### Listed entries
lemma third_step:
  assumes "1 \<le> q"
  shows "tick (phase_at (t_third p q x) t) (phase_at (t_third p q (Suc x)) t = Arr2) =
         phase_at (t_third p q x) (Suc t)"
  using assms by (cases "x \<le> p + q") (auto simp: t_third_def intro!: tick_phase_at)

text \<open>The delayed signal leaves an unmarked cell in phase \<open>Arr1\<close> and a marked
  one in phase \<open>Arr3\<close>, i.e.\ two steps later.\<close>

lemma delay_step:
  assumes "1 \<le> q"
  shows "tick (phase_at (t_delay p q x) t)
           (phase_at (t_delay p q (Suc x)) t = Arr1 \<and> \<not> marked p (Suc x) t \<or>
            phase_at (t_delay p q (Suc x)) t = Arr3 \<and> marked p (Suc x) t)
         = phase_at (t_delay p q x) (Suc t)"
proof -
  consider "x < p" | "x = p" | "p < x" by linarith
  then show ?thesis
  proof cases
    case 1
    define d where "d = p - x"
    have dist: "p + 1 - Suc x = d" "p + 1 - x = Suc d" using 1 d_def by auto
    define D where "D = 2 * d + 2 * npow2_below d"
    have next_cell: "t_delay p q (Suc x) = Some D"
      using 1 dist by (simp add: t_delay_def D_def)
    have this_cell: "t_delay p q x = Some (D + 2 + (if is_pow2 d then 2 else 0))"
      using 1 dist by (simp add: t_delay_def D_def npow2_below_Suc)
    have "D < t \<Longrightarrow> marked p (Suc x) t = is_pow2 d" for t
      using 1 dist D_def by (auto simp: marked_def)
    then show ?thesis unfolding this_cell next_cell by (intro tick_phase_at) auto
  qed (use assms in \<open>auto simp: t_delay_def marked_def intro!: tick_phase_at\<close>)
qed

lemma mark_step:
  assumes "1 \<le> q"
  shows "(marked p x t \<or> x = p \<and> t = 0 \<or>
          firing p (Suc x) t \<and> phase_at (t_half p q (Suc x)) t = Arr1) = marked p x (Suc t)"
proof -
  consider "x < p" | "x = p" | "p < x" by linarith
  then show ?thesis
  proof cases
    case 1
    define d where "d = p - x"
    have dist: "p + 1 - Suc x = d" "p + 1 - x = Suc d" "1 \<le> d" using 1 d_def by auto
    have "marked p x t = (is_pow2 (Suc d) \<and> 2 * Suc d \<le> t)"
      and "marked p x (Suc t) = (is_pow2 (Suc d) \<and> 2 * Suc d \<le> Suc t)"
      and "firing p (Suc x) t = (t = 2 * hpow2 d + d)"
      and "(phase_at (t_half p q (Suc x)) t = Arr1) = (t = Suc (2 * d))"
      using 1 dist by (auto simp: marked_def firing_def t_half_def)
    then show ?thesis using 1 hpow2_Suc_cases[OF dist(3)] by auto
  qed (auto simp: marked_def firing_def)
qed

lemma fire_step:
  assumes "1 \<le> q"
  shows "(phase_at (t_third p q (Suc x)) t = Arr2 \<and> marked p x (Suc t) \<or>
          firing p (Suc x) t \<and> phase_at (t_half p q (Suc x)) t \<noteq> Arr1) = firing p x (Suc t)"
proof -
  consider "x < p" | "x = p" | "p < x" by linarith
  then show ?thesis
  proof cases
    case 1
    define d where "d = p - x"
    have dist: "p + 1 - Suc x = d" "p + 1 - x = Suc d" "1 \<le> d" using 1 d_def by auto
    have "marked p x (Suc t) = (is_pow2 (Suc d) \<and> 2 * Suc d \<le> Suc t)"
      and "firing p (Suc x) t = (t = 2 * hpow2 d + d)"
      and "firing p x (Suc t) = (Suc t = 2 * hpow2 (Suc d) + Suc d)"
      and "(phase_at (t_half p q (Suc x)) t = Arr1) = (t = Suc (2 * d))"
      and "(phase_at (t_third p q (Suc x)) t = Arr2) = (t = Suc (Suc (3 * d)))"
      using 1 dist by (auto simp: marked_def firing_def t_half_def t_third_def)
    then show ?thesis using hpow2_Suc_cases[OF dist(3)] by auto
  next
    case 2
    have "hpow2 1 = 1" using hpow2_eqI[of 0 1] by simp
    then have "firing p x (Suc t) = (t = 2)" using 2 by (simp add: firing_def)
    moreover have "marked p x (Suc t)" "\<not> firing p (Suc x) t" using 2 by (simp_all add: marked_def firing_def)
    moreover have "(phase_at (t_third p q (Suc x)) t = Arr2) = (t = 2)"
      using 2 assms by (simp add: t_third_def numeral_2_eq_2)
    ultimately show ?thesis by simp
  qed (auto simp: marked_def firing_def)
qed

lemma right_of_blocks:
  assumes "p + q < x"
  shows "t_sync p q x = Some 0" "t_half p q x = None" "t_third p q x = None"
    "t_delay p q x = None" "\<not> marked p x t" "\<not> firing p x t"
  using assms by (auto simp: t_sync_def t_half_def t_third_def t_delay_def marked_def firing_def)

section \<open>The automaton\<close>

text \<open>The kind of a nonempty suffix of the input: \<open>c+\<close>, \<open>b+c+\<close>, \<open>a+b+c+\<close> or
  anything else; it is computed right to left, one letter at a time.\<close>

datatype kind = Cs | BCs | ABCs | Bad

definition kind_last :: "abc \<Rightarrow> kind" where
  "kind_last x = (if x = c then Cs else Bad)"

definition kind_cons :: "abc \<Rightarrow> kind \<Rightarrow> kind" where
  "kind_cons x k = (case x of
       c \<Rightarrow> (if k = Cs then Cs else Bad)
     | b \<Rightarrow> (if k = Cs \<or> k = BCs then BCs else Bad)
     | a \<Rightarrow> (if k = BCs \<or> k = ABCs then ABCs else Bad))"

fun kind_of :: "abc list \<Rightarrow> kind" where
  "kind_of [] = Bad"
| "kind_of [x] = kind_last x"
| "kind_of (x # y # ys) = kind_cons x (kind_of (y # ys))"

lemma kind_of_Cons: "zs \<noteq> [] \<Longrightarrow> kind_of (x # zs) = kind_cons x (kind_of zs)"
  by (cases zs) auto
######
### What is expected
When a line above includes the word "lemma", please list that line.

### Task solution
lemma third_step:
lemma delay_step:
lemma mark_step:
lemma fire_step:
lemma right_of_blocks:
lemma kind_of_Cons: "zs \<noteq> [] \<Longrightarrow> kind_of (x # zs) = kind_cons x (kind_of zs)"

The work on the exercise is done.